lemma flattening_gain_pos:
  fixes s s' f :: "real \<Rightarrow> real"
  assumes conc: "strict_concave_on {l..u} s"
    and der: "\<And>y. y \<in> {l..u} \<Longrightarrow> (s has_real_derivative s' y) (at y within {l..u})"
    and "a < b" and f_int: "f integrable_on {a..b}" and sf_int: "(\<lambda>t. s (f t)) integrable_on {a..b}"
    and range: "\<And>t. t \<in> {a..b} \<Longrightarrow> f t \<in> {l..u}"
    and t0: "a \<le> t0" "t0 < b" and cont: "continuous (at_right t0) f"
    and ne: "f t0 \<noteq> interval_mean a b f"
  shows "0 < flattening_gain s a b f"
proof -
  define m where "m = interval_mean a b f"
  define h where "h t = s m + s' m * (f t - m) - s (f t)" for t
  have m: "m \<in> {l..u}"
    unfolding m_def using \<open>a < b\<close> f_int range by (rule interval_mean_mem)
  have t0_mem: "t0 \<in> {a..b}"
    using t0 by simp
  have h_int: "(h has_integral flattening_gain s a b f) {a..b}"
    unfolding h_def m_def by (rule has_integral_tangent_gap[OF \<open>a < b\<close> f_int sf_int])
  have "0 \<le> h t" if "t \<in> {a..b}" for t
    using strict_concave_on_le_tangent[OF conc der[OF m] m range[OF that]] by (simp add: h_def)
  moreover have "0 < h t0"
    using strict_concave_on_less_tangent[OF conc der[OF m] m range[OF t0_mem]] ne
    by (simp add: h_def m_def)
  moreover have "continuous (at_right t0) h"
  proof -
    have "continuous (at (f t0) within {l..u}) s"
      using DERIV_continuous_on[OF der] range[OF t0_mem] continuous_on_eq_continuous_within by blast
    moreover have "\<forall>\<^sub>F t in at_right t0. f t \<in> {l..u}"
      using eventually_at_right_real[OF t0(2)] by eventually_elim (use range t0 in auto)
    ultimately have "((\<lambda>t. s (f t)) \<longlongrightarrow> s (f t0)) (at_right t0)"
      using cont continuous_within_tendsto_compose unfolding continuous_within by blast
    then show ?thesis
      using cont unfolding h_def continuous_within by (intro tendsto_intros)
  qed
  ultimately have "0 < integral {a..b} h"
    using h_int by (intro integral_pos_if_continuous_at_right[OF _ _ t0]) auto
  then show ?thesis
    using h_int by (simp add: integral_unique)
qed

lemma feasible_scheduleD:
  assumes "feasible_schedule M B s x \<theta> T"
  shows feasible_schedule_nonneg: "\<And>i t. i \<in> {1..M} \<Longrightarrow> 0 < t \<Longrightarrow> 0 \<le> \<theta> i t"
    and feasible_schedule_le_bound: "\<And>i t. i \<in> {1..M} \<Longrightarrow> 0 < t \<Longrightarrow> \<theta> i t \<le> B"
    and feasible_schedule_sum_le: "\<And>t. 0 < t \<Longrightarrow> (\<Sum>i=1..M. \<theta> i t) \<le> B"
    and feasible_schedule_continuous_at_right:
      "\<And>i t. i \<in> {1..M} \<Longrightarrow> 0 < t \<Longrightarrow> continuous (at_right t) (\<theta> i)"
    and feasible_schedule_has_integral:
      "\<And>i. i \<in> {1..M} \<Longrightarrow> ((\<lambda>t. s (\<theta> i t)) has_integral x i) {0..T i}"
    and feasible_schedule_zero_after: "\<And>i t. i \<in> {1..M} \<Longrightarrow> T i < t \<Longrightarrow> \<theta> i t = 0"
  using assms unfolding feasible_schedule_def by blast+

──────

**YOUR OBJECTIVE**. Every record must appear in the answer exactly as it does above.

**RESULT**.
lemma flattening_gain_pos:
  fixes s s' f :: "real \<Rightarrow> real"
  assumes conc: "strict_concave_on {l..u} s"
    and der: "\<And>y. y \<in> {l..u} \<Longrightarrow> (s has_real_derivative s' y) (at y within {l..u})"
    and "a < b" and f_int: "f integrable_on {a..b}" and sf_int: "(\<lambda>t. s (f t)) integrable_on {a..b}"
    and range: "\<And>t. t \<in> {a..b} \<Longrightarrow> f t \<in> {l..u}"
    and t0: "a \<le> t0" "t0 < b" and cont: "continuous (at_right t0) f"
    and ne: "f t0 \<noteq> interval_mean a b f"
  shows "0 < flattening_gain s a b f"
proof -
  define m where "m = interval_mean a b f"
  define h where "h t = s m + s' m * (f t - m) - s (f t)" for t
  have m: "m \<in> {l..u}"
    unfolding m_def using \<open>a < b\<close> f_int range by (rule interval_mean_mem)
  have t0_mem: "t0 \<in> {a..b}"
    using t0 by simp
  have h_int: "(h has_integral flattening_gain s a b f) {a..b}"
    unfolding h_def m_def by (rule has_integral_tangent_gap[OF \<open>a < b\<close> f_int sf_int])
  have "0 \<le> h t" if "t \<in> {a..b}" for t
    using strict_concave_on_le_tangent[OF conc der[OF m] m range[OF that]] by (simp add: h_def)
  moreover have "0 < h t0"
    using strict_concave_on_less_tangent[OF conc der[OF m] m range[OF t0_mem]] ne
    by (simp add: h_def m_def)
  moreover have "continuous (at_right t0) h"
  proof -
    have "continuous (at (f t0) within {l..u}) s"
      using DERIV_continuous_on[OF der] range[OF t0_mem] continuous_on_eq_continuous_within by blast
    moreover have "\<forall>\<^sub>F t in at_right t0. f t \<in> {l..u}"
      using eventually_at_right_real[OF t0(2)] by eventually_elim (use range t0 in auto)
    ultimately have "((\<lambda>t. s (f t)) \<longlongrightarrow> s (f t0)) (at_right t0)"
      using cont continuous_within_tendsto_compose unfolding continuous_within by blast
    then show ?thesis
      using cont unfolding h_def continuous_within by (intro tendsto_intros)
  qed
  ultimately have "0 < integral {a..b} h"
    using h_int by (intro integral_pos_if_continuous_at_right[OF _ _ t0]) auto
  then show ?thesis
    using h_int by (simp add: integral_unique)
qed

lemma feasible_scheduleD:
  assumes "feasible_schedule M B s x \<theta> T"
  shows feasible_schedule_nonneg: "\<And>i t. i \<in> {1..M} \<Longrightarrow> 0 < t \<Longrightarrow> 0 \<le> \<theta> i t"
    and feasible_schedule_le_bound: "\<And>i t. i \<in> {1..M} \<Longrightarrow> 0 < t \<Longrightarrow> \<theta> i t \<le> B"
    and feasible_schedule_sum_le: "\<And>t. 0 < t \<Longrightarrow> (\<Sum>i=1..M. \<theta> i t) \<le> B"
    and feasible_schedule_continuous_at_right:
      "\<And>i t. i \<in> {1..M} \<Longrightarrow> 0 < t \<Longrightarrow> continuous (at_right t) (\<theta> i)"
    and feasible_schedule_has_integral:
      "\<And>i. i \<in> {1..M} \<Longrightarrow> ((\<lambda>t. s (\<theta> i t)) has_integral x i) {0..T i}"
    and feasible_schedule_zero_after: "\<And>i t. i \<in> {1..M} \<Longrightarrow> T i < t \<Longrightarrow> \<theta> i t = 0"
  using assms unfolding feasible_schedule_def by blast+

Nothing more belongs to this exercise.